> [Your goal]
Copy out each line below in which the string "imports" appears.

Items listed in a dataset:
------
definition stretched_cube :: "real \<Rightarrow> real \<Rightarrow> real \<Rightarrow> 'a::euclidean_space \<Rightarrow> 'a set" where
  "stretched_cube R s t i = cbox (- (R *\<^sub>R One) + s *\<^sub>R i) (R *\<^sub>R One + t *\<^sub>R i)"

lemma stretched_cube_0_0: "stretched_cube R 0 0 i = cube R"
  by (simp add: stretched_cube_def)

lemma inner_stretched_cube_corners:
  fixes i j :: "'a::euclidean_space"
  assumes "j \<in> Basis"
  shows "(- (R *\<^sub>R One) + s *\<^sub>R i) \<bullet> j = - R + s * (i \<bullet> j)"
    and "(R *\<^sub>R One + s *\<^sub>R i) \<bullet> j = R + s * (i \<bullet> j)"
    and "(s *\<^sub>R i - R *\<^sub>R One) \<bullet> j = s * (i \<bullet> j) - R"
  using assms by (simp_all add: inner_add_left inner_diff_left inner_minus_left inner_sum_Basis)

lemma mem_stretched_cube:
  assumes i: "i \<in> Basis"
  shows "x \<in> stretched_cube R s t i \<longleftrightarrow>
    (\<forall>j\<in>Basis. j \<noteq> i \<longrightarrow> - R \<le> x \<bullet> j \<and> x \<bullet> j \<le> R) \<and> - R + s \<le> x \<bullet> i \<and> x \<bullet> i \<le> R + t"
proof -
  have "x \<in> stretched_cube R s t i \<longleftrightarrow>
      (\<forall>j\<in>Basis. - R + s * (i \<bullet> j) \<le> x \<bullet> j \<and> x \<bullet> j \<le> R + t * (i \<bullet> j))"
    unfolding stretched_cube_def mem_box by (simp add: inner_stretched_cube_corners)
  also have "\<dots> \<longleftrightarrow>
      (\<forall>j\<in>Basis. j \<noteq> i \<longrightarrow> - R \<le> x \<bullet> j \<and> x \<bullet> j \<le> R) \<and> - R + s \<le> x \<bullet> i \<and> x \<bullet> i \<le> R + t"
    using i by (auto simp: inner_Basis)
  finally show ?thesis .
qed
(* On the noncommutative space $\mathbb{R}^4_\theta$ described in the context, the pair $(g,(\nabla,\sigma))$ is a Riemannian structure on the differential calculus $(\Omega^1_A,\mathrm{d})$.
   Context: Let $\theta\in\mathbb{R}$ and $R=(R^{ab})$ the $4\times4$ matrix (row $a$, column $b$) with rows $(1,e^{-i\theta},1,e^{i\theta})$, $(e^{i\theta},1,e^{-i\theta},1)$, $(1,e^{i\theta},1,e^{-i\theta})$, $(e^{-i\theta},1,e^{i\theta},1)$. $A=\mathbb{C}\langle z^1,\dots,z^4\rangle/(z^iz^j-R^{ji}z^jz^i)$; $\Omega^1_A=\bigoplus_iA\,\mathrm{d}z^i$ free left module with $\mathrm{d}z^i\,z^j=R^{ji}z^j\mathrm{d}z^i$, $\mathrm{d}z^i$ the image of $z^i$ under the Leibniz extension $\mathrm{d}$. With $P$ the matrix with rows $(0,0,1,0),(0,0,0,1),(1,0,0,0),(0,1,0,0)$, $(g_{ij})=\tfrac12P$, $(g^{ij})=2P$: metric $g=\sum g_{ij}\mathrm{d}z^i\otimes_A\mathrm{d}z^j$, inverse metric $g^{-1}(\mathrm{d}z^i\otimes_A\mathrm{d}z^j)=g^{ij}$ (left $A$-linear). $\nabla(\sum_ia_i\mathrm{d}z^i)=\sum_i\mathrm{d}a_i\otimes_A\mathrm{d}z^i$; $\sigma$ left $A$-linear with $\sigma(\mathrm{d}z^i\otimes_A\mathrm{d}z^j)=R^{ji}\mathrm{d}z^j\otimes_A\mathrm{d}z^i$. A Riemannian structure on $(\Omega^1_A,\mathrm{d})$ is a pair of a metric $g$ (bimodule map $A\to\Omega^1_A\otimes_A\Omega^1_A$ with inverse bimodule map $g^{-1}$ satisfying $\sum_\alpha g^{-1}(\omega\otimes g^\alpha)g_\alpha=\omega=\sum_\alpha g^\alpha g^{-1}(g_\alpha\otimes\omega)$, $g(1)=\sum g^\alpha\otimes g_\alpha$) and a bimodule connection $(\nabla,\sigma)$ on $\Omega^1_A$ (left and right Leibniz rules $\nabla(a\omega)=a\nabla\omega+\mathrm{d}a\otimes\omega$, $\nabla(\omega a)=\nabla(\omega)a+\sigma(\omega\otimes\mathrm{d}a)$, $\sigma$ a bimodule isomorphism) such that $g^{-1}\circ\sigma=g^{-1}$ and $(\mathrm{id}\otimes_Ag^{-1})\circ\nabla^\otimes=\mathrm{d}\circ g^{-1}$ on $\Omega^1_A\otimes_A\Omega^1_A$, where $\nabla^\otimes(\omega\otimes\zeta)=\nabla(\omega)\otimes\zeta+(\sigma\otimes\mathrm{id})(\omega\otimes\nabla\zeta)$. *)

theory Defs
  imports Complex_Main "HOL-Library.Function_Algebras"
begin

text \<open>The generators z^1..z^4 of the paper are indexed here by 0..3.
  Multi-indices are functions nat => nat vanishing outside 0..3; an element of A is
  the coefficient function (w.r.t. the ordered monomial basis
  z^m = (z^1)^(m 0) (z^2)^(m 1) (z^3)^(m 2) (z^4)^(m 3)).\<close>

type_synonym mi = "nat \<Rightarrow> nat"
type_synonym alg = "mi \<Rightarrow> complex"
type_synonym form1 = "nat \<Rightarrow> alg"
type_synonym form2 = "nat \<Rightarrow> nat \<Rightarrow> alg"
type_synonym form3 = "nat \<Rightarrow> nat \<Rightarrow> nat \<Rightarrow> alg"

text \<open>The matrix R (rows a, columns b, 0-based).\<close>
definition Rmat :: "real \<Rightarrow> nat \<Rightarrow> nat \<Rightarrow> complex" where
  "Rmat \<theta> a b =
    [[1, exp (- \<i> * of_real \<theta>), 1, exp (\<i> * of_real \<theta>)],
     [exp (\<i> * of_real \<theta>), 1, exp (- \<i> * of_real \<theta>), 1],
     [1, exp (\<i> * of_real \<theta>), 1, exp (- \<i> * of_real \<theta>)],
     [exp (- \<i> * of_real \<theta>), 1, exp (\<i> * of_real \<theta>), 1]] ! a ! b"

definition Pmat :: "nat \<Rightarrow> nat \<Rightarrow> complex" where
  "Pmat a b = [[0,0,1,0],[0,0,0,1],[1,0,0,0],[0,1,0,0]] ! a ! b"

definition Alg :: "alg set" where
  "Alg = {f. finite {m. f m \<noteq> 0} \<and> (\<forall>m. f m \<noteq> 0 \<longrightarrow> (\<forall>k\<ge>4. m k = 0))}"

definition smulA :: "complex \<Rightarrow> alg \<Rightarrow> alg" where
  "smulA c f = (\<lambda>m. c * f m)"

definition oneA :: alg where
  "oneA = (\<lambda>m. if m = (\<lambda>_. 0) then 1 else 0)"

definition cA :: "complex \<Rightarrow> alg" where
  "cA c = smulA c oneA"

definition zgen :: "nat \<Rightarrow> alg" where
  "zgen i = (\<lambda>m. if m = (\<lambda>k. if k = i then 1 else 0) then 1 else 0)"

text \<open>Reordering coefficient: z^m z^n = mcoef m n z^(m+n), obtained from
  z^i z^j = R^{ji} z^j z^i.\<close>
definition mcoef :: "real \<Rightarrow> mi \<Rightarrow> mi \<Rightarrow> complex" where
  "mcoef \<theta> m n = (\<Prod>i<4. \<Prod>j<i. Rmat \<theta> j i ^ (m i * n j))"
lemma Str1_Shom:
  assumes f: "f \<in> Shom (1 + m) (1 + n)"
  shows "Str 1 f \<in> Shom m n"
  unfolding Shom_iff
proof (intro conjI allI impI)
  note F = ShomD[OF f]
  show "length (Str 1 f) = m" using F(1) by simp
  have i0: "in_T (Suc n) (f ! 0)" using F(2)[of 0] by simp
  fix i assume i: "i < m"
  show "in_T n (Str 1 f ! i)" using Str1_nth[OF f i] in_T_trace1_entry F(2)[of "Suc i"] i i0 by simp
next
  note F = ShomD[OF f]
  have i0: "in_T (Suc n) (f ! 0)" using F(2)[of 0] by simp
  fix i j c assume ij: "i < m" "j < m" "i \<noteq> j" and e: "Str 1 f ! i = TIdx c"
  have ii: "in_T (Suc n) (f ! Suc i)" "in_T (Suc n) (f ! Suc j)" using F(2) ij by simp_all
  have ei: "trace1_entry (f ! Suc i) (f ! 0) = TIdx c" using e Str1_nth[OF f ij(1)] by simp
  show "target (Str 1 f ! j) \<noteq> Some c"
  proof
    assume "target (Str 1 f ! j) = Some c"
    then have ej: "target (trace1_entry (f ! Suc j) (f ! 0)) = Some c" using Str1_nth[OF f ij(2)] by simp
    have inj: "\<And>a b k. a < 1 + m \<Longrightarrow> b < 1 + m \<Longrightarrow> a \<noteq> b \<Longrightarrow> f ! a = TIdx k \<Longrightarrow> target (f ! b) \<noteq> Some k"
      using F(3) by blast
    from trace1_entry_TIdx_D[OF ei ii(1)] trace1_entry_target_D[OF ej ii(2) i0] show False
      using inj[of "Suc i" "Suc j"] inj[of "Suc i" 0] inj[of 0 "Suc j"] ij by auto
  qed
qed

lemma tle_loop_value: assumes "tle u u'" shows "tle (loop_value u) (loop_value u')"
proof -
  from assms consider "u = u'" | "u = TEx" | "u' = TAll" | r1 r2 i where "u = TW r1 i" "u' = TW r2 i" "r2 \<le> r1"
    unfolding tle_iff by blast
  then show ?thesis
  proof cases
    case 1 then show ?thesis by simp
  next
    case 2 then show ?thesis by (simp add: loop_value_def)
  next
    case 3 then show ?thesis by (simp add: loop_value_def)
  next
    case 4
    show ?thesis
    proof (cases "i = 1")
      case True
      then show ?thesis using 4 by (simp add: loop_value_def verdict_def)
    next
      case False
      then have "loop_value u = TW r1 (i - 1)" "loop_value u' = TW r2 (i - 1)" using 4 by (auto simp: loop_value_def)
      then show ?thesis using 4 by (simp add: tle_iff)
    qed
  qed
qed

lemma tle_carry: "tle x y \<Longrightarrow> tle (carry v x) (carry v y)"
  by (cases v) (simp_all add: tle_add_wt)

lemma tle_trace1_entry: "tle v v' \<Longrightarrow> tle u u' \<Longrightarrow> tle (trace1_entry v u) (trace1_entry v' u')"
proof -
  assume vv: "tle v v'" and uu: "tle u u'"
  have G: "tle (loop_value u) (loop_value u')" using tle_loop_value[OF uu] .
  from vv consider "v = v'" | "v = TEx" | "v' = TAll" | r1 r2 i where "v = TW r1 i" "v' = TW r2 i" "r2 \<le> r1"
    unfolding tle_iff by blast
  then show ?thesis
  proof cases
    case 1 then show ?thesis using G by (cases "next_idx 1 v") (auto simp: trace1_entry_def tle_carry)
  next
    case 2 then show ?thesis by (simp add: trace1_entry_def)
  next
    case 3 then show ?thesis by (simp add: trace1_entry_def)
  next
    case 4
    show ?thesis
    proof (cases "next_idx 1 v")
      case None then show ?thesis using 4 by (simp add: trace1_entry_def tle_iff)
    next
      case (Some k)
      then have "next_idx 1 v' = Some k" using 4 by simp
      then have "trace1_entry v' u' = add_wt r2 (loop_value u')" using 4 by (simp add: trace1_entry_def)
      moreover have "trace1_entry v u = add_wt r1 (loop_value u)" using 4 Some by (simp add: trace1_entry_def)
      moreover have "tle (add_wt r1 (loop_value u)) (add_wt r2 (loop_value u))" using 4 by (simp add: tle_add_wt_w)
      moreover have "tle (add_wt r2 (loop_value u)) (add_wt r2 (loop_value u'))" using G by (rule tle_add_wt)
      ultimately show ?thesis using tle_trans by metis
    qed
  qed
qed
(* Let $B$ be a board and $S$ a set of sinks such that every region of $B$ contains a sink, and let $T$ be a minimum-weight arborescence (converging to the root $r$) of the extended large tilt graph $\hat G_L(B,S)$. If $T$ contains two distinct inverse edges $(p_1,q)$ and $(p_2,q)$ with common head $q$, then $q$ is a sink.
   Context: Pixels are unit squares indexed by $\mathbb{Z}^2$. A board $B=(V,E)$ is a finite subgraph of the square grid graph on $\mathbb{Z}^2$; regions are its connected components; its boundary consists of pixel sides not shared with a neighbouring pixel joined by an edge of $E$. $S\subseteq V$ are sinks. For a pixel $p$, its row (column) segment is the maximal set of pixels reachable from $p$ using only horizontal (vertical) edges of $E$; $p^\ell,p^r$ are the leftmost/rightmost pixels of its row segment and $p^u,p^d$ the topmost/bottommost pixels of its column segment. The full tilt graph $G_F(B)$ has vertex set $V$ and edges $(p,p^x)$ for $x\in\{\ell,r,u,d\}$, $p^x\ne p$. A corner pixel is a pixel $p$ with $p=p^x=p^y$ for some $x\in\{\ell,r\}$, $y\in\{u,d\}$. The large tilt graph $G_L(B,S)$ is the subgraph of $G_F(B)$ induced by the vertex set consisting of (i) all pixels reachable in $G_F(B)$ from corner pixels, (ii) every sink $s$ and $s^\ell,s^r,s^u,s^d$, (iii) for every reflex corner of the boundary, the endpoints of the row and column segments of the pixels incident to that corner, (iv) all pixels on the intersection of a row segment and a column segment each containing a pixel included in (i)–(iii). Extended graph: for a directed graph $G$ with sinks $S$, $\hat G$ has vertex set $V(G)\cup\{r\}$ with new root $r$ and edges: every edge of $G$ with weight $0$; for every edge $(p,q)$ of $G$ such that $(q,p)$ is not an edge of $G$, the inverse edge $(q,p)$ with weight $1$; and $(s,r)$ with weight $0$ for each $s\in S$. An arborescence converging to $r$ is a spanning subgraph in which every vertex other than $r$ has exactly one outgoing edge and a directed path to $r$; its weight is the sum of its edge weights. *)

theory Defs
  imports Main
begin
(* Let $v_1,\dots,v_n$ be gross substitutes valuations over $m$ items. Consider the English Walrasian mechanism with bidding space $\mathcal{B}=\textsc{Gs}$. Then this mechanism has a pure Nash equilibrium $\mathbf{b}$ (with respect to the true valuations $v_1,\dots,v_n$) whose allocation maximizes $\sum_i v_i(\mathbf{x}_i)$ over all partitions of the items, and in which every agent's strategy $b_i$ is a non-exposure strategy, i.e. $\pi_i(b_i,\mathbf{b}'_{-i})\le v_i(\mathbf{x}_i(b_i,\mathbf{b}'_{-i}))$ for every $\mathbf{b}'_{-i}\in\mathcal{B}^{n-1}$.
   Context: There are $m$ items and $n$ agents. A valuation is a function $v:\{0,1\}^m\to\mathbb{R}_+$ with $v(\mathbf{0})=0$ and $v(\mathbf{x})\le v(\mathbf{y})$ whenever $\mathbf{x}\le\mathbf{y}$; it is extended to $\mathbb{Z}_+^m$ by $v(\mathbf{x})=v(\min(\mathbf{x},\mathbf{1}))$ (componentwise min). For prices $\mathbf{p}\in\mathbb{R}^m_+$ the demand is $D_v(\mathbf{p})=\arg\max_{\mathbf{x}\in\{0,1\}^m}[v(\mathbf{x})-\mathbf{p}\cdot\mathbf{x}]$. $v$ is gross substitutes ($v\in\textsc{Gs}$) if for any prices $\mathbf{p}\le\mathbf{q}$, with $S=\{j:p_j=q_j\}$, and any $\mathbf{x}\in D_v(\mathbf{p})$, there is $\mathbf{y}\in D_v(\mathbf{q})$ with $\mathbf{y}\ge \mathbf{x}\cdot\mathbf{1}_S$ componentwise, i.e. $y_j\ge x_j$ for all $j\in S$. For declared valuations $\mathbf{b}=(b_1,\dots,b_n)$ define $W^{\mathbf{b}}:\mathbb{Z}_+^m\to\mathbb{R}_+$ by $W^{\mathbf{b}}(\mathbf{x})=\max\{\sum_i b_i(\mathbf{x}_i):\sum_i\mathbf{x}_i\le\mathbf{x},\ \mathbf{x}_i\in\{0,1\}^m\}$, and marginals $f(\mathbf{y}\mid\mathbf{x})=f(\mathbf{y}+\mathbf{x})-f(\mathbf{x})$; $\mathbf{1}_j$ is the $j$-th unit vector and $\mathbf{1}$ the all-ones vector. The English Walrasian mechanism: each agent $i$ reports $b_i\in\mathcal{B}$; the mechanism allocates bundles $\mathbf{x}_1(\mathbf{b}),\dots,\mathbf{x}_n(\mathbf{b})$ forming a partition of the items maximizing $\sum_i b_i(\mathbf{x}_i)$, and charges $\pi_i(\mathbf{b})=\sum_{j:\, x_{ij}(\mathbf{b})=1}W^{\mathbf{b}}(\mathbf{1}_j\mid\mathbf{1})$ (the minimal Walrasian prices of the declared market). Agent $i$'s utility is $u_i(v_i;\mathbf{b})=v_i(\mathbf{x}_i(\mathbf{b}))-\pi_i(\mathbf{b})$. A pure Nash equilibrium is a profile $\mathbf{b}\in\mathcal{B}^n$ with $u_i(v_i;\mathbf{b})\ge u_i(v_i;b_i',\mathbf{b}_{-i})$ for all $i$ and all $b_i'\in\mathcal{B}$. *)

theory Defs
  imports Complex_Main
begin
------
> [Response]
  imports Complex_Main "HOL-Library.Function_Algebras"
  imports Main
  imports Complex_Main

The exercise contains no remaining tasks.